Patients were considered treatment failures if they experienced febrile neutropenia or persistent severe neutropenia (ANC <0.5 × 109/L for >5 days); such patients were removed from the study. Patients also were removed from the study if they experienced severe hypersensitivity reactions or nonhematologic toxicities that precluded further cycles of chemotherapy. Such patients were to complete follow-up, and those with febrile neutropenia or persistent severe neutropenia were to receive standard supportive care, including growth factor support, at the discretion of the investigator.

Inclusion and exclusion criteria

Patients at least 18 years of age with histologically or cytologically confirmed breast cancer, an ANC >1.5 × 109/L and platelet count >100 × 109/L, and scheduled to receive chemotherapy with doxorubicin and docetaxel were included in this study. Additional inclusion criteria were adequate hepatic and renal function (serum creatinine <2.0 mg/dL); total bilirubin within normal limits; alanine transaminase (ALT) and aspartate transaminase (AST) <1.5 upper limit of normal (ULN); alkaline phosphatase <2.5 ULN; eligible to receive doxorubicin based on left ventricular ejection fraction within normal limits; and an Eastern Cooperative Oncology Group (ECOG) performance status of 0 or 1 [11].

Patients were excluded from the study if they received ≥1 prior chemotherapy regimen, any chemotherapy or immunotherapy ≤4 weeks prior to study entry, or a cumulative anthracycline dose that would preclude two full-dose cycles of doxorubicin in this study. In addition, patients who had used any nitrosourea (l,3-bis[2-chloroethyl]-l-nitrosourea, l-[2-chloroethyl]-3-cyclohexyl-nitrosourea, or mitomycin-C) within 6 weeks of study chemotherapy or any investigational agent during the 30 days before randomization were excluded, as were patients who had undergone surgery or radiation therapy within the previous 2 weeks or who had used myeloid (G-CSF or granulocyte macrophage colony-stimulating factor) growth factors within 4 weeks of study chemotherapy. Known brain metastases also precluded participation in this study.

Concomitant medications

Permitted concomitant medications included oral corticosteroids (for 3 days, starting one day before docetaxel administration), prophylactic oral antibiotics (e.g., ciprofloxacin) following each course of chemotherapy, and antiemetic agents or other premedication (at the discretion of the physician). Cytokines, other hematopoietic growth factors, and prophylactic antibiotics were not permitted unless prolonged neutropenia or febrile neutropenia occurred.

End points

Primary end point: safety

In both phases, safety was assessed by measuring the frequency and National Cancer Institute Common Terminology Criteria (CTC) severity grade. Serious AEs (SAEs) were defined as life-threatening AEs; AEs that resulted in death, hospitalization, or prolongation of hospitalization, persistent or significant disability or incapacity, congenital anomaly, or birth defect; or AEs that were otherwise medically important.

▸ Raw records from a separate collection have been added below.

(* Let $P=\{x\in\mathbb R^n : Ax=b,\ Bx\le d\}$ with $A\in\mathbb R^{m_A\times n}$, $B\in\mathbb R^{m_B\times n}$ be a pointed polyhedron and let $x_1,x_2$ be distinct points of $P$. Set $u:=x_2-x_1$ and let $C_{A,B,u}$ be the intersection of the cone $\{(x,y^+,y^-)\in\mathbb R^{n+2m_B} : Ax=0,\ Bx=y^+-y^-,\ y^+,y^-\ge 0\}$ with the hyperplanes $y^-_i=0$ for each $i$ with $(Bu)_i\ge 0$ and $y^+_i=0$ for each $i$ with $(Bu)_i\le 0$. Then for every extreme ray $(g,y^+,y^-)$ of $C_{A,B,u}$, the vector $g$ (which is a circuit direction of $P$ sign-compatible with $u$ with respect to $B$) is a strictly feasible direction at $x_1$ in $P$.
   Context: $P$ is pointed means $\operatorname{rank}\binom{A}{B}=n$. The circuits of $P$ are the $g\in\ker(A)\setminus\{0\}$ (normalized to coprime integer components) for which no $x\in\ker(A)\setminus\{0\}$ satisfies $\operatorname{supp}(Bx)\subsetneq\operatorname{supp}(Bg)$; a circuit direction is a positive multiple of a circuit. Vectors $x,y$ are sign-compatible with respect to $B$ if $(Bx)_i(By)_i\ge0$ for all $i$. A direction $g$ is strictly feasible at $x_1\in P$ if $x_1+\alpha g\in P$ for some $\alpha>0$. *)

theory Defs
  imports "HOL-Analysis.Analysis"
begin

definition polyhedron ::
  "real^'n^'ma \<Rightarrow> real^'ma \<Rightarrow> real^'n^'mb \<Rightarrow> real^'mb \<Rightarrow> (real^'n) set" where
  "polyhedron A b B d = {x. A *v x = b \<and> (\<forall>i. (B *v x) $ i \<le> d $ i)}"

definition stack_matrix :: "real^'n^'ma \<Rightarrow> real^'n^'mb \<Rightarrow> real^'n^('ma + 'mb)" where
  "stack_matrix A B = (\<chi> i. case i of Inl j \<Rightarrow> A $ j | Inr j \<Rightarrow> B $ j)"

definition pointed :: "real^'n^'ma \<Rightarrow> real^'n^'mb \<Rightarrow> bool" where
  "pointed A B \<longleftrightarrow> rank (stack_matrix A B) = CARD('n)"

definition cone_C ::
  "real^'n^'ma \<Rightarrow> real^'n^'mb \<Rightarrow> real^'n \<Rightarrow> ((real^'n) \<times> (real^'mb) \<times> (real^'mb)) set" where
  "cone_C A B u = {(x, yp, ym).
      A *v x = 0 \<and> B *v x = yp - ym \<and> (\<forall>i. yp $ i \<ge> 0 \<and> ym $ i \<ge> 0) \<and>
      (\<forall>i. (B *v u) $ i \<ge> 0 \<longrightarrow> ym $ i = 0) \<and>
      (\<forall>i. (B *v u) $ i \<le> 0 \<longrightarrow> yp $ i = 0)}"

definition extreme_ray :: "'a::real_vector \<Rightarrow> 'a set \<Rightarrow> bool" where
  "extreme_ray r K \<longleftrightarrow> r \<noteq> 0 \<and> r \<in> K \<and> (\<lambda>t. t *\<^sub>R r) ` {0..} face_of K"

definition strictly_feasible :: "real^'n \<Rightarrow> real^'n \<Rightarrow> (real^'n) set \<Rightarrow> bool" where
  "strictly_feasible g x1 P \<longleftrightarrow> (\<exists>\<alpha>>0. x1 + \<alpha> *\<^sub>R g \<in> P)"

end

theory Submission
  imports Defs
begin

text \<open>If (B g)_i > 0 then y+_i > 0, which the cone
  allows only when (B u)_i > 0; then (B x1)_i < (B x2)_i \<le> d_i, so the i-th inequality is slack
  at x1. Moving from x1 along g keeps A x = b, and a short enough step keeps every inequality.
  Pointedness and extremality are what make g a circuit in the paper.\<close>

lemma small_step_preserves_slack_inequalities:
  fixes c v d :: "real^'m"
  assumes "\<And>i. c $ i \<le> d $ i"
    and "\<And>i. v $ i > 0 \<Longrightarrow> c $ i < d $ i"
  shows "\<exists>t>0. \<forall>i. c $ i + t * v $ i \<le> d $ i"
proof -
  have "\<forall>\<^sub>F t in at_right 0. c $ i + t * v $ i \<le> d $ i" for i
  proof (cases "c $ i < d $ i")
    case True
    have "((\<lambda>t. c $ i + t * v $ i) \<longlongrightarrow> c $ i + 0 * v $ i) (at_right 0)"
      by (intro tendsto_intros)
    then have "\<forall>\<^sub>F t in at_right 0. c $ i + t * v $ i < d $ i"
      using True by (intro order_tendstoD(2)) simp_all
    then show ?thesis by (rule eventually_mono) simp
  next
    case False
    then have "v $ i \<le> 0" and "c $ i = d $ i"
      using assms[of i] by (auto simp: not_less intro: leI)
    then show ?thesis
      using eventually_at_right_less[of 0]
      by (auto elim!: eventually_mono simp: mult_nonneg_nonpos)
  qed
  then have "\<forall>\<^sub>F t in at_right 0. t > 0 \<and> (\<forall>i. c $ i + t * v $ i \<le> d $ i)"
    by (intro eventually_conj eventually_at_right_less eventually_all_finite)
  then show ?thesis
    using eventually_happens[of _ "at_right (0::real)"] by auto
qed

lemma strictly_feasible_polyhedronI:
  assumes "x1 \<in> polyhedron A b B d" and "A *v g = 0"
    and "\<And>i. (B *v g) $ i > 0 \<Longrightarrow> (B *v x1) $ i < d $ i"
  shows "strictly_feasible g x1 (polyhedron A b B d)"
proof -
  have "\<And>i. (B *v x1) $ i \<le> d $ i" using assms(1) by (simp add: polyhedron_def)
  with assms(3) obtain t :: real where "t > 0"
    and step: "\<And>i. (B *v x1) $ i + t * (B *v g) $ i \<le> d $ i"
    using small_step_preserves_slack_inequalities by metis
  have "x1 + t *\<^sub>R g \<in> polyhedron A b B d"
    using assms(1,2) step
    by (simp add: polyhedron_def matrix_vector_right_distrib matrix_vector_mult_scaleR)
  with \<open>t > 0\<close> show ?thesis
    unfolding strictly_feasible_def by blast
qed

lemma cone_C_positive_row_imp_positive_direction:
  assumes "(g, yp, ym) \<in> cone_C A B u" and "(B *v g) $ i > 0"
  shows "(B *v u) $ i > 0"
proof -
  from assms(1) have "(B *v g) $ i = yp $ i - ym $ i" and "ym $ i \<ge> 0"
    and "(B *v u) $ i \<le> 0 \<Longrightarrow> yp $ i = 0"
    by (auto simp: cone_C_def)
  with assms(2) show ?thesis by force
qed

lemma cone_C_strictly_feasible:
  assumes "x1 \<in> polyhedron A b B d" and "x2 \<in> polyhedron A b B d"
    and "(g, yp, ym) \<in> cone_C A B (x2 - x1)"
  shows "strictly_feasible g x1 (polyhedron A b B d)"
proof (rule strictly_feasible_polyhedronI[OF assms(1)])
  show "A *v g = 0" using assms(3) by (simp add: cone_C_def)
next
  fix i
  assume "(B *v g) $ i > 0"
  then have "(B *v x1) $ i < (B *v x2) $ i"
    using cone_C_positive_row_imp_positive_direction[OF assms(3)]
    by (simp add: matrix_vector_mult_diff_distrib)
  also have "\<dots> \<le> d $ i" using assms(2) by (simp add: polyhedron_def)
  finally show "(B *v x1) $ i < d $ i" .
qed

theorem corollary4:
  fixes A :: "real^'n^'ma" and b :: "real^'ma"
    and B :: "real^'n^'mb" and d :: "real^'mb"
    and x1 x2 g :: "real^'n" and yp ym :: "real^'mb"
  assumes "pointed A B"
    and "x1 \<in> polyhedron A b B d" and "x2 \<in> polyhedron A b B d" and "x1 \<noteq> x2"
    and "extreme_ray (g, yp, ym) (cone_C A B (x2 - x1))"
  shows "strictly_feasible g x1 (polyhedron A b B d)"
proof -
  have "(g, yp, ym) \<in> cone_C A B (x2 - x1)"
    using assms(5) by (simp add: extreme_ray_def)
  with assms(2,3) show ?thesis
    by (rule cone_C_strictly_feasible)
qed

end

Complete blood count (CBC) with differential was measured at screening; on days 1, 2, 4, 8, 10, and 14 of cycle 0 (phase I, prior to chemotherapy); at baseline screening and on days −1, 4, 6, 8, 10, 12, and 15 of cycle 1 of phase II; and on day −1, once between days 4–6, day 8, once between days 10–12, and on day 15 of cycles 1 and 2 of phase I and cycle 2 of phase II. In the event of any grade 4 neutropenia, laboratory tests were obtained daily until the ANC was >0.5 × 109/L.

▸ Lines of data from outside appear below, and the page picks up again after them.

lemma choose_over_power_tendsto: "(\<lambda>n. real (n choose k) / real n ^ k) \<longlonglongrightarrow> 1 / fact k"
proof -
  have eq: "real (n choose k) / real n ^ k = (\<Prod>i=0..<k. (real n - real i) / real n) / fact k" for n
  proof -
    have "real (n choose k) = (\<Prod>i=0..<k. real n - real i) / fact k"
      by (simp add: binomial_gbinomial gbinomial_prod_rev)
    then show ?thesis by (simp add: prod_dividef)
  qed
  have factor: "(\<lambda>n. (real n - real i) / real n) \<longlonglongrightarrow> 1" for i
  proof -
    have "(\<lambda>n. 1 - real i * inverse (real n)) \<longlonglongrightarrow> 1 - real i * 0"
      by (intro tendsto_intros lim_inverse_n)
    moreover have "eventually (\<lambda>n. 1 - real i * inverse (real n) = (real n - real i) / real n) sequentially"
      using eventually_gt_at_top[of 0] by eventually_elim (simp add: field_simps)
    ultimately show ?thesis using Lim_transform_eventually by force
  qed
  have "(\<lambda>n. (\<Prod>i=0..<k. (real n - real i) / real n) / fact k) \<longlonglongrightarrow> (\<Prod>i=0..<k. 1) / fact k"
    by (intro tendsto_divide tendsto_prod tendsto_const factor) simp
  then show ?thesis unfolding eq by simp
qed

lemma exp_partial_sums_tendsto: "(\<lambda>t. \<Sum>i\<le>t. (-lam)^i / fact i) \<longlonglongrightarrow> exp (-lam :: real)"
proof -
  have "(\<lambda>n. (-lam)^n /\<^sub>R fact n) sums exp (-lam)" by (rule exp_converges)
  then have "(\<lambda>N. \<Sum>i<N. (-lam)^i / fact i) \<longlonglongrightarrow> exp (-lam)"
    unfolding sums_def by (simp add: divide_inverse mult.commute)
  then have "(\<lambda>t. \<Sum>i<Suc t. (-lam)^i / fact i) \<longlonglongrightarrow> exp (-lam)" by (rule LIMSEQ_Suc)
  then show ?thesis by (simp add: lessThan_Suc_atMost)
qed
lemma openin_tau_ST:
  "openin (tau_ST T) U \<longleftrightarrow> U \<subseteq> topspace T \<and> stat_closed T (topspace T - U)"
proof -
  define P where "P = (\<lambda>U. U \<subseteq> topspace T \<and> stat_closed T (topspace T - U))"
  have "P (S \<inter> U)" if "P S" "P U" for S U
  proof -
    have "topspace T - (S \<inter> U) = (topspace T - S) \<union> (topspace T - U)"
      by blast
    then show ?thesis
      using that stat_closed_Un unfolding P_def by auto
  qed
  moreover have "P (\<Union>K)" if "\<forall>S\<in>K. P S" for K
  proof -
    have "topspace T - \<Union>K = topspace T \<inter> \<Inter>((\<lambda>S. topspace T - S) ` K)"
      by blast
    moreover have "stat_closed T (topspace T \<inter> \<Inter>((\<lambda>S. topspace T - S) ` K))"
      by (rule stat_closed_Inter) (use that in \<open>auto simp: P_def\<close>)
    ultimately show ?thesis
      using that by (auto simp: P_def)
  qed
  ultimately have "istopology P"
    unfolding istopology_def by blast
  then show ?thesis
    unfolding tau_ST_def P_def[symmetric] by (simp add: P_def)
qed

lemma topspace_tau_ST: "topspace (tau_ST T) = topspace T"
proof -
  have "stat_closed T {}"
    by (simp add: stat_closed_iff stat_closure_def stat_conv_def nonthin_def)
  then have "openin (tau_ST T) (topspace T)"
    by (simp add: openin_tau_ST)
  moreover have "topspace (tau_ST T) \<subseteq> topspace T"
    using openin_topspace[of "tau_ST T"] unfolding openin_tau_ST by blast
  ultimately show ?thesis
    using openin_subset by blast
qed

lemma openin_imp_openin_tau_ST: "openin T U \<Longrightarrow> openin (tau_ST T) U"
  using closedin_imp_stat_closed[of T "topspace T - U"] openin_subset[of T U]
  by (auto simp: openin_tau_ST)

Serum chemistry was assessed at screening; on days 1 and 8 of cycle 0; on days −1, 8, and 15 of cycles 1 and 2 in phase I; at baseline screening and on days −1, 8, and 15 of cycle 1; and on days −1, 8, and 15 of cycle 2 in phase II. Urinalysis was performed at screening, on day 1 of cycle 0 and day −1 of cycles 1 and 2 in phase I, as well as at baseline screening and on day −1 of cycles 1 and 2 of phase II. Vital signs were measured at screening, prior to and 1 h after docetaxel administration, and prior to and 1 h after study drug administration; additional assessments were made if medically indicated. Follow-up assessments, performed 30 days after last study dose, included hematology and chemistry evaluation and urinalysis, as well as recording any AEs.

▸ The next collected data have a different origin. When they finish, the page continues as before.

text \<open>The restriction of \<open>\<pi>\<close> to \<open>W = col_space B\<close> is \<open>L \<pi> B\<close> for a left inverse \<open>L\<close> of \<open>B\<close>.\<close>

lemma subrep_of_invariant_subspace:
  assumes r: "is_rep \<Gamma> N \<pi>" and W: "invariant_subspace \<Gamma> N \<pi> W"
  obtains d \<sigma> B where "is_rep \<Gamma> d \<sigma>" "B \<in> carrier_mat N d" "inj_mat B" "col_space B = W"
    "intertwiner \<Gamma> d \<sigma> N \<pi> B"
proof -
  have "is_subspace N W" using W unfolding invariant_subspace_def by simp
  then obtain d B where B: "B \<in> carrier_mat N d" "inj_mat B" "col_space B = W"
    by (rule subspace_basis)
  obtain L where L: "L \<in> carrier_mat d N" "L * B = 1\<^sub>m d" using inj_mat_left_inverse[OF B(1,2)] .
  define \<sigma> where "\<sigma> = (\<lambda>g. L * \<pi> g * B)"
  have key: "\<pi> g * B = B * \<sigma> g" if g: "g \<in> carrier \<Gamma>" for g
  proof (rule mat_eq_by_mult_vec[of _ N d])
    have pg: "\<pi> g \<in> carrier_mat N N" using rep_carrier[OF r g] .
    then show "\<pi> g * B \<in> carrier_mat N d" "B * \<sigma> g \<in> carrier_mat N d"
      unfolding \<sigma>_def using B L by simp_all
    fix v :: "complex vec" assume v: "v \<in> carrier_vec d"
    have "\<pi> g *\<^sub>v (B *\<^sub>v v) \<in> W" using W g B v unfolding invariant_subspace_def col_space_def by auto
    then obtain u where u: "u \<in> carrier_vec d" "\<pi> g *\<^sub>v (B *\<^sub>v v) = B *\<^sub>v u"
      using B unfolding col_space_def by auto
    have c1: "\<pi> g * B \<in> carrier_mat N d" and c2: "L * (\<pi> g * B) \<in> carrier_mat d d"
      using pg B L by simp_all
    have "\<sigma> g = L * (\<pi> g * B)" unfolding \<sigma>_def using pg B L by simp
    then have "(B * \<sigma> g) *\<^sub>v v = B *\<^sub>v (L *\<^sub>v (\<pi> g *\<^sub>v (B *\<^sub>v v)))"
      using assoc_mult_mat_vec[OF B(1) c2 v] assoc_mult_mat_vec[OF L(1) c1 v]
        assoc_mult_mat_vec[OF pg B(1) v] by simp
    also have "\<dots> = B *\<^sub>v ((L * B) *\<^sub>v u)" using u L(1) B(1) by simp
    also have "\<dots> = (\<pi> g * B) *\<^sub>v v" using L u pg B v by simp
    finally show "(\<pi> g * B) *\<^sub>v v = (B * \<sigma> g) *\<^sub>v v" by simp
  qed
  have "is_rep \<Gamma> d \<sigma>" unfolding is_rep_def
  proof (intro conjI ballI)
    fix g h assume g: "g \<in> carrier \<Gamma>" and h: "h \<in> carrier \<Gamma>"
    note c = rep_carrier[OF r g] rep_carrier[OF r h]
    have "\<sigma> (g \<otimes>\<^bsub>\<Gamma>\<^esub> h) = (L * \<pi> g) * (\<pi> h * B)" unfolding \<sigma>_def
      using rep_mult[OF r g h] L B c by (simp add: assoc_mult_mat[of _ d N _ N _ d])
    also have "\<dots> = (L * \<pi> g) * (B * \<sigma> h)" using key[OF h] by simp
    also have "\<dots> = \<sigma> g * \<sigma> h"
    proof -
      have "L * \<pi> g \<in> carrier_mat d N" "\<sigma> h \<in> carrier_mat d d" unfolding \<sigma>_def using L B c by simp_all
      then show ?thesis unfolding \<sigma>_def by (rule assoc_mult_mat[OF _ B(1), symmetric, unfolded \<sigma>_def])
    qed
    finally show "\<sigma> (g \<otimes>\<^bsub>\<Gamma>\<^esub> h) = \<sigma> g * \<sigma> h" .
  qed (use L B rep_carrier[OF r] rep_one[OF r] in \<open>auto simp: \<sigma>_def\<close>)
  moreover have "intertwiner \<Gamma> d \<sigma> N \<pi> B" using B key by (intro intertwinerI) auto
  ultimately show ?thesis using that B by blast
qed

Secondary end points: pharmacokinetics, immunogenicity, and efficacy

Serum balugrastim concentrations were determined using a validated sandwich enzyme-linked immunosorbent assay with a lower limit of quantification of 6.3 ng/mL.

Pharmacokinetic parameters were evaluated during cycle 0 of phase I and cycle 1 of phases I and II. During cycle 0 of phase I, samples were collected before balugrastim administration and 0.5, 1, 3, 6, 24, 72, 168, 216, and 312 h after administration. During cycle 1 of both phases I and II, samples were collected before balugrastim administration and 0.5, 1, 3, 6, 24, 48, 144, and 192 h after administration. Pharmacokinetic parameters included maximal serum concentration (C max), time to C max (T max), elimination half-life (t ½, elim), absorption half-life (t ½, abs), area under the concentration curve (AUC0−∞), and apparent clearance (CL/F). Parameters were calculated for cycle 0 and cycle 1 for balugrastim dose groups 150, 300, and 450 µg/kg using non-compartmental modeling techniques, with the exception of t ½, abs, which was determined using a first-order absorption, first-order elimination one-compartment model. Analysis was performed with WinNonlin Professional version 5.0.1 (Pharsight; Sunnyvale, CA).

Immunogenicity was assessed in serum samples collected from patients treated with balugrastim before dosing during every cycle of phase I and phase II, and at the end-of-treatment visit (≥14 days after the last dose), to detect antidrug antibodies against balugrastim or anti-albumin antibodies. If samples were confirmed positive for anti-balugrastim antibodies, samples were further characterized to determine antibody titer and neutralization activity in a cell-based assay. Patients testing/confirmed positive for anti-drug antibodies were to have a follow-up sample obtained 6 months after the last dose of balugrastim.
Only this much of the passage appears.